* **Instructions to follow**
Scan the listing below and copy each line holding the word "close".

┌─ Data under study

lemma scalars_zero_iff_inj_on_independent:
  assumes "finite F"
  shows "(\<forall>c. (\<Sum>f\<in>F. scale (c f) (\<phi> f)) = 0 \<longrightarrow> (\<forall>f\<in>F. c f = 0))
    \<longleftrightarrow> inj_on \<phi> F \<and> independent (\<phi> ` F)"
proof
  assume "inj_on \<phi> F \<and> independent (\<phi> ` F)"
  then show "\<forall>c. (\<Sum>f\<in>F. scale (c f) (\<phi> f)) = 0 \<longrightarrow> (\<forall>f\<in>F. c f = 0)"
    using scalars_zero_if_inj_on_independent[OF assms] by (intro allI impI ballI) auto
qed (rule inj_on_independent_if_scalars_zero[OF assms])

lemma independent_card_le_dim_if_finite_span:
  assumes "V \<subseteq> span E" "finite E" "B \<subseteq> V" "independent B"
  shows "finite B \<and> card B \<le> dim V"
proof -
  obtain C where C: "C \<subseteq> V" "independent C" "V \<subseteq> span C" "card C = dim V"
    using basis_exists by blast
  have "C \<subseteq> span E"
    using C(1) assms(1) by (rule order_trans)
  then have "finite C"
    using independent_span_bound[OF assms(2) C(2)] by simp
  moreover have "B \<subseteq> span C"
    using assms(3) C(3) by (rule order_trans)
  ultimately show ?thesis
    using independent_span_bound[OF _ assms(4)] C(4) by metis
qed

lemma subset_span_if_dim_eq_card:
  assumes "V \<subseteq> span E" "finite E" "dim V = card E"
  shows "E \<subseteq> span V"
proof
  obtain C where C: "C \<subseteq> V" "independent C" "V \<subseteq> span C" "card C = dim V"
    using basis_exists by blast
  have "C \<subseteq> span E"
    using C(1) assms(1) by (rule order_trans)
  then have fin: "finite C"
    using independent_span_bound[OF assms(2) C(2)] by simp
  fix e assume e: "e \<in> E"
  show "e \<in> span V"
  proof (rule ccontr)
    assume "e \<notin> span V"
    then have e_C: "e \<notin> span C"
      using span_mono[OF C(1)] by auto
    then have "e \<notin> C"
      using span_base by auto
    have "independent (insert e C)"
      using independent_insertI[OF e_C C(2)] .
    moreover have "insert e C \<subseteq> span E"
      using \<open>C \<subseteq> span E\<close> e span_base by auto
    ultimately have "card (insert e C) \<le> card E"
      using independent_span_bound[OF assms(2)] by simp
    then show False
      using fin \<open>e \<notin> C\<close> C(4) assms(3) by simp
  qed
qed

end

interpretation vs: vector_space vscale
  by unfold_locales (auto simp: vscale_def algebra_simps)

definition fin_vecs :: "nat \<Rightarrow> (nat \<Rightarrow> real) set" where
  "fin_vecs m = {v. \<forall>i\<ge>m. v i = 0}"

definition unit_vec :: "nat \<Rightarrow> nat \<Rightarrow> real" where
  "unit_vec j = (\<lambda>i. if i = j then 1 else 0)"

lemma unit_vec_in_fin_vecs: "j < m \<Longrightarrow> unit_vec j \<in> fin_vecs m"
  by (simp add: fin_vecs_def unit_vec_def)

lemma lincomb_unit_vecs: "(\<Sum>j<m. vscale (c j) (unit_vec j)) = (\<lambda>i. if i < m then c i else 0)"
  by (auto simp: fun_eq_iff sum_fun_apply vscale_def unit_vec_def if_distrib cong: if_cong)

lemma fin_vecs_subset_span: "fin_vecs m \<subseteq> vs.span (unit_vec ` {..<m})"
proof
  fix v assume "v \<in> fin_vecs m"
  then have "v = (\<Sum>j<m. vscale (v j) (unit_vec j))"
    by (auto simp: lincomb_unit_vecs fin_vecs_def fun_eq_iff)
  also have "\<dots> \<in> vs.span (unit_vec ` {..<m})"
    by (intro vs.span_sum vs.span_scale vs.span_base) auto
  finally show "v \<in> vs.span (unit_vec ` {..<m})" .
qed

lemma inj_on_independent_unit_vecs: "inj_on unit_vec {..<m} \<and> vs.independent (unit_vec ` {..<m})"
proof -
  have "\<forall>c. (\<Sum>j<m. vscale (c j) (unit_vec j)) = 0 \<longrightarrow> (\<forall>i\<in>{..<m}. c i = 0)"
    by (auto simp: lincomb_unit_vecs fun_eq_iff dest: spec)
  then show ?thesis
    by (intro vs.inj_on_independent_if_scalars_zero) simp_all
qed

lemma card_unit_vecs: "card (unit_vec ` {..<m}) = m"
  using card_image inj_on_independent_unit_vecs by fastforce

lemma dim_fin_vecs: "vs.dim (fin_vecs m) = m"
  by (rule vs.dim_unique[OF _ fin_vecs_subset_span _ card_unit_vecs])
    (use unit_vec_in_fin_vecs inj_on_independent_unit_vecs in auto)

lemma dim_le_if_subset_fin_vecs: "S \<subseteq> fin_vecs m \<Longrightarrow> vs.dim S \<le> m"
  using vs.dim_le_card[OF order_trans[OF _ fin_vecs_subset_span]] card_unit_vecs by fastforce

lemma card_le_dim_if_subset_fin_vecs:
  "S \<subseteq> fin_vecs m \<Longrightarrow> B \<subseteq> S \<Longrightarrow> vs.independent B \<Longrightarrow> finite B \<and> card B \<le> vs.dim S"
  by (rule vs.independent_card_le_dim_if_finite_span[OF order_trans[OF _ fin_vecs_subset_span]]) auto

└─

* **Answer space**
      using \<open>C \<subseteq> span E\<close> e span_base by auto
      using fin \<open>e \<notin> C\<close> C(4) assms(3) by simp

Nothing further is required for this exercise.